__What the exercise asks__
In exact form, set down only those lines of the material that run from its first line to the line with "then obtain m", inclusive.

__Record excerpts__
________________
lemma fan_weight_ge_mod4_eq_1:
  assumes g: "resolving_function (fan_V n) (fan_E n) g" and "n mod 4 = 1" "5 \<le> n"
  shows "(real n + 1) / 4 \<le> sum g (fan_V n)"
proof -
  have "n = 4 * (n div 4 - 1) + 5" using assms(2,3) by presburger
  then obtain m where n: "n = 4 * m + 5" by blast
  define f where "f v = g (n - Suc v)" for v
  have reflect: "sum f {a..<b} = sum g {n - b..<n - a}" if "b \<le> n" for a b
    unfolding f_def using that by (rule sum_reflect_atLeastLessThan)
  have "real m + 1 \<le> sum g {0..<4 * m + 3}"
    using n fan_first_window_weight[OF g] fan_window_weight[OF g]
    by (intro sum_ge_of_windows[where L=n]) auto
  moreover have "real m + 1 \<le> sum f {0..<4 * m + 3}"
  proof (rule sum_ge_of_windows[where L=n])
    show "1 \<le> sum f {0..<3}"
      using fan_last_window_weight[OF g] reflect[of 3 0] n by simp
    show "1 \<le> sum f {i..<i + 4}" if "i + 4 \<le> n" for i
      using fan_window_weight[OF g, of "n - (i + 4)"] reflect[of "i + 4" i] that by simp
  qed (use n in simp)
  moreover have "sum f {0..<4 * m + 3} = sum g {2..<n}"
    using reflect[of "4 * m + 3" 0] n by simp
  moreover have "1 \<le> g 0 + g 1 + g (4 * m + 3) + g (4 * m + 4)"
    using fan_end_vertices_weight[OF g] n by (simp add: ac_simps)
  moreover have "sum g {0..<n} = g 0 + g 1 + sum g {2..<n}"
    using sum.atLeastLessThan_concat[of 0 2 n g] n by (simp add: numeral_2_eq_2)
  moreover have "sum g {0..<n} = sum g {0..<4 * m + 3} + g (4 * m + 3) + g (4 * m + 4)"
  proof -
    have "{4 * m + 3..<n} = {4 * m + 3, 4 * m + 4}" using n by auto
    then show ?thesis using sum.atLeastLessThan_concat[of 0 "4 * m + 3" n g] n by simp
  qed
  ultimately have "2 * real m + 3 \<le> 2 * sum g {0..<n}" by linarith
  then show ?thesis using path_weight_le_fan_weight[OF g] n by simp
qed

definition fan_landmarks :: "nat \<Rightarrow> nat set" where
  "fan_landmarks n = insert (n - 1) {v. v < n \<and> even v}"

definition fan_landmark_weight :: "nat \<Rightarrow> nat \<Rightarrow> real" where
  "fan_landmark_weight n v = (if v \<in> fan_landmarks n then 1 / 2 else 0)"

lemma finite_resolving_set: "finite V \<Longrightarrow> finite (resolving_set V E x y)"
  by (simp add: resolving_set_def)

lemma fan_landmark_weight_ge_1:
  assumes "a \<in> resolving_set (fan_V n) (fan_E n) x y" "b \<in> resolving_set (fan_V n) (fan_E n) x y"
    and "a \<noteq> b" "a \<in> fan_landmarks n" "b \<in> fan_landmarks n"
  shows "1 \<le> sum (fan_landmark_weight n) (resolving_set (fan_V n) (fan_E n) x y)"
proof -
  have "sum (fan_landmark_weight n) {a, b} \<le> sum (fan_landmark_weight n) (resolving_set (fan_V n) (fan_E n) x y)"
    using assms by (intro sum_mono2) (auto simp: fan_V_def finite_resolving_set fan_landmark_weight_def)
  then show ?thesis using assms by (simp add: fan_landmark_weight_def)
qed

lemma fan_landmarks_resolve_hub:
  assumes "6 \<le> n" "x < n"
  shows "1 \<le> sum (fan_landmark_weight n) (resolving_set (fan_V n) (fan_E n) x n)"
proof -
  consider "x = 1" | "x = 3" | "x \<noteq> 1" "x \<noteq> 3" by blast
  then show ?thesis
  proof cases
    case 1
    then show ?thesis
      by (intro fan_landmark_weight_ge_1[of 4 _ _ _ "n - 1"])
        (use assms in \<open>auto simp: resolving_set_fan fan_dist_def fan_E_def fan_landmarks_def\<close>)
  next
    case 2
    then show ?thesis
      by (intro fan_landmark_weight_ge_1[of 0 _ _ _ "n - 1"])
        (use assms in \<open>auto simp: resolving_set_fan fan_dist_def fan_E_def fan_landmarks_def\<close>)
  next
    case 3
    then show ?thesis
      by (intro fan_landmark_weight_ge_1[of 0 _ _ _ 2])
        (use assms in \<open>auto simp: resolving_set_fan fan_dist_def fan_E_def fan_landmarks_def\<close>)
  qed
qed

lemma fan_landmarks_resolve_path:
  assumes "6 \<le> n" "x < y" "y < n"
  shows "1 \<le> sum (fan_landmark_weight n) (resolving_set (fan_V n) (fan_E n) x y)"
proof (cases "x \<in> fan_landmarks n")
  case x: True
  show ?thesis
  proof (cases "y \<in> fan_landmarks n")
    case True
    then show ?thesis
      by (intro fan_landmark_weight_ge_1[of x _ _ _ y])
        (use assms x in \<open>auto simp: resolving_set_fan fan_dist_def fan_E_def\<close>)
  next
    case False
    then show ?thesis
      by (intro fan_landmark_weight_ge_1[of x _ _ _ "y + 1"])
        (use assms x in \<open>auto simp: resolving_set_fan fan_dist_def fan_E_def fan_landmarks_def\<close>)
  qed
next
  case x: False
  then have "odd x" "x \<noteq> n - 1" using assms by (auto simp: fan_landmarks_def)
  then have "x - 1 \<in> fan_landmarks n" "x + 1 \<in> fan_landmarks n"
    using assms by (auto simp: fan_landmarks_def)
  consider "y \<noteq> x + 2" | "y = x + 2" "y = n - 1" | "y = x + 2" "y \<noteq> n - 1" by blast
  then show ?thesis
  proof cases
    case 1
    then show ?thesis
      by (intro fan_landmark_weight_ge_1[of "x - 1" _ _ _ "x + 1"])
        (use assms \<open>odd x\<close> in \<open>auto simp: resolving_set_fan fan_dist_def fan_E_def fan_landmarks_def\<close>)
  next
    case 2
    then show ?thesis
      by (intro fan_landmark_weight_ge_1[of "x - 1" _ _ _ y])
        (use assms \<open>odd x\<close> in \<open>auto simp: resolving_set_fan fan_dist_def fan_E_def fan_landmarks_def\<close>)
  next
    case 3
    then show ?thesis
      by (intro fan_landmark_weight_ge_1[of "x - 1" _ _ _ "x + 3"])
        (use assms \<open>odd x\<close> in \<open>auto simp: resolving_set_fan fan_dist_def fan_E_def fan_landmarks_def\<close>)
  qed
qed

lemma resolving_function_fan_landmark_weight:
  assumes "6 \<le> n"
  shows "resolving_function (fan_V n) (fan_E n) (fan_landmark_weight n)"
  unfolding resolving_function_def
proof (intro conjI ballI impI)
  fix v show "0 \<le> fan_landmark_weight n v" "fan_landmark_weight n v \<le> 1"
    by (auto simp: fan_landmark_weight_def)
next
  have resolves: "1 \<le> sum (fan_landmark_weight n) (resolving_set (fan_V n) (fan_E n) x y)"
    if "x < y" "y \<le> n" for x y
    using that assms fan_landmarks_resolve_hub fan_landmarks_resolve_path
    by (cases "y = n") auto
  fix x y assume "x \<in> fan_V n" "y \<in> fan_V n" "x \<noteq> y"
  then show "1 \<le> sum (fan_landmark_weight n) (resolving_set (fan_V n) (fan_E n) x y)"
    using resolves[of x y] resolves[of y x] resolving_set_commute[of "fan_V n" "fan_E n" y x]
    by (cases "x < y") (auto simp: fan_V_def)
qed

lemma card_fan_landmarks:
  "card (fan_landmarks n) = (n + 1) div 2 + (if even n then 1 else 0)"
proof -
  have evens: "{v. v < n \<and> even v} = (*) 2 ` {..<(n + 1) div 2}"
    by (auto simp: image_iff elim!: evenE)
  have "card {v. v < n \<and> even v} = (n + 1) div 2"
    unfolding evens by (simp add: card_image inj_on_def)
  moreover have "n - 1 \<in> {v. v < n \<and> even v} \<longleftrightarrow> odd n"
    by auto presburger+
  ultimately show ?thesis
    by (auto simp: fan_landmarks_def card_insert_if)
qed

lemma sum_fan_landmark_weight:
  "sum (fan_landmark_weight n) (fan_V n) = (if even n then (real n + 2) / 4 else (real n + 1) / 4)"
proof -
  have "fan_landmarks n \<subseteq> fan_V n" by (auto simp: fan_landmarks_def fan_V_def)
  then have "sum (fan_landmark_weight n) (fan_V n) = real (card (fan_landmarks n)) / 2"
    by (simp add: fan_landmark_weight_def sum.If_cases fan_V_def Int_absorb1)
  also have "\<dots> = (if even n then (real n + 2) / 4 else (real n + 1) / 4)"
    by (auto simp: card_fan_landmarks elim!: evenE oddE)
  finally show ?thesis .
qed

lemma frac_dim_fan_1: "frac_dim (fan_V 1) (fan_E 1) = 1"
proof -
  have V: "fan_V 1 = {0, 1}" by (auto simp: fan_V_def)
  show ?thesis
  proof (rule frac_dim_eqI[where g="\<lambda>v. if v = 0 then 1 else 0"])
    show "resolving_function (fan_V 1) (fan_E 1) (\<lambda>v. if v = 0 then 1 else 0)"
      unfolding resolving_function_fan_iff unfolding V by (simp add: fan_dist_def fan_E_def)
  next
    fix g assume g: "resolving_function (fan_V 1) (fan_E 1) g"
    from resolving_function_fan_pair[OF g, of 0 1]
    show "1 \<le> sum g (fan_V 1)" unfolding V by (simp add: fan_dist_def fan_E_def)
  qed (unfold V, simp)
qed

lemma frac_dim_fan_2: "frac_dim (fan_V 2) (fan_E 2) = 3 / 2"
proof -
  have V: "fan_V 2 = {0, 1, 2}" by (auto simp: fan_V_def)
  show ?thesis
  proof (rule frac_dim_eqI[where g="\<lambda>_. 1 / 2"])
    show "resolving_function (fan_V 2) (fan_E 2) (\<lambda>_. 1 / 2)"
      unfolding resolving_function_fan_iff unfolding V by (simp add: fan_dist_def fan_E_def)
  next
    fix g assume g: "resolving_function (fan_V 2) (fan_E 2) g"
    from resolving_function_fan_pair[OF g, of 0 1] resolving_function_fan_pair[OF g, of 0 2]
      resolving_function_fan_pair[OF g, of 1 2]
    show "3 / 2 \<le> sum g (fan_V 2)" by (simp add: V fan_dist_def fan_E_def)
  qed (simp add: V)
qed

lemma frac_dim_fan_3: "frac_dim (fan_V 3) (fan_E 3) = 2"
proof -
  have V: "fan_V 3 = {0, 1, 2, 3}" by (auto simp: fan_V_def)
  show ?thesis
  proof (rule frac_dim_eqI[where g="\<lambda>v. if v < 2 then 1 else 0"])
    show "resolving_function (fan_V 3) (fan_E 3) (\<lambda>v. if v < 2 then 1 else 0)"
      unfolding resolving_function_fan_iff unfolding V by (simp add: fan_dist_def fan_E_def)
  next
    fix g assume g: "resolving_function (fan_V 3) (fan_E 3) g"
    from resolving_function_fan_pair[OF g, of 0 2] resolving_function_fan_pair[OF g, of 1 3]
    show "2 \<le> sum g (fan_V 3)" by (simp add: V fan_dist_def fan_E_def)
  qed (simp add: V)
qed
________________
__Result__
lemma fan_weight_ge_mod4_eq_1:
  assumes g: "resolving_function (fan_V n) (fan_E n) g" and "n mod 4 = 1" "5 \<le> n"
  shows "(real n + 1) / 4 \<le> sum g (fan_V n)"
proof -
  have "n = 4 * (n div 4 - 1) + 5" using assms(2,3) by presburger
  then obtain m where n: "n = 4 * m + 5" by blast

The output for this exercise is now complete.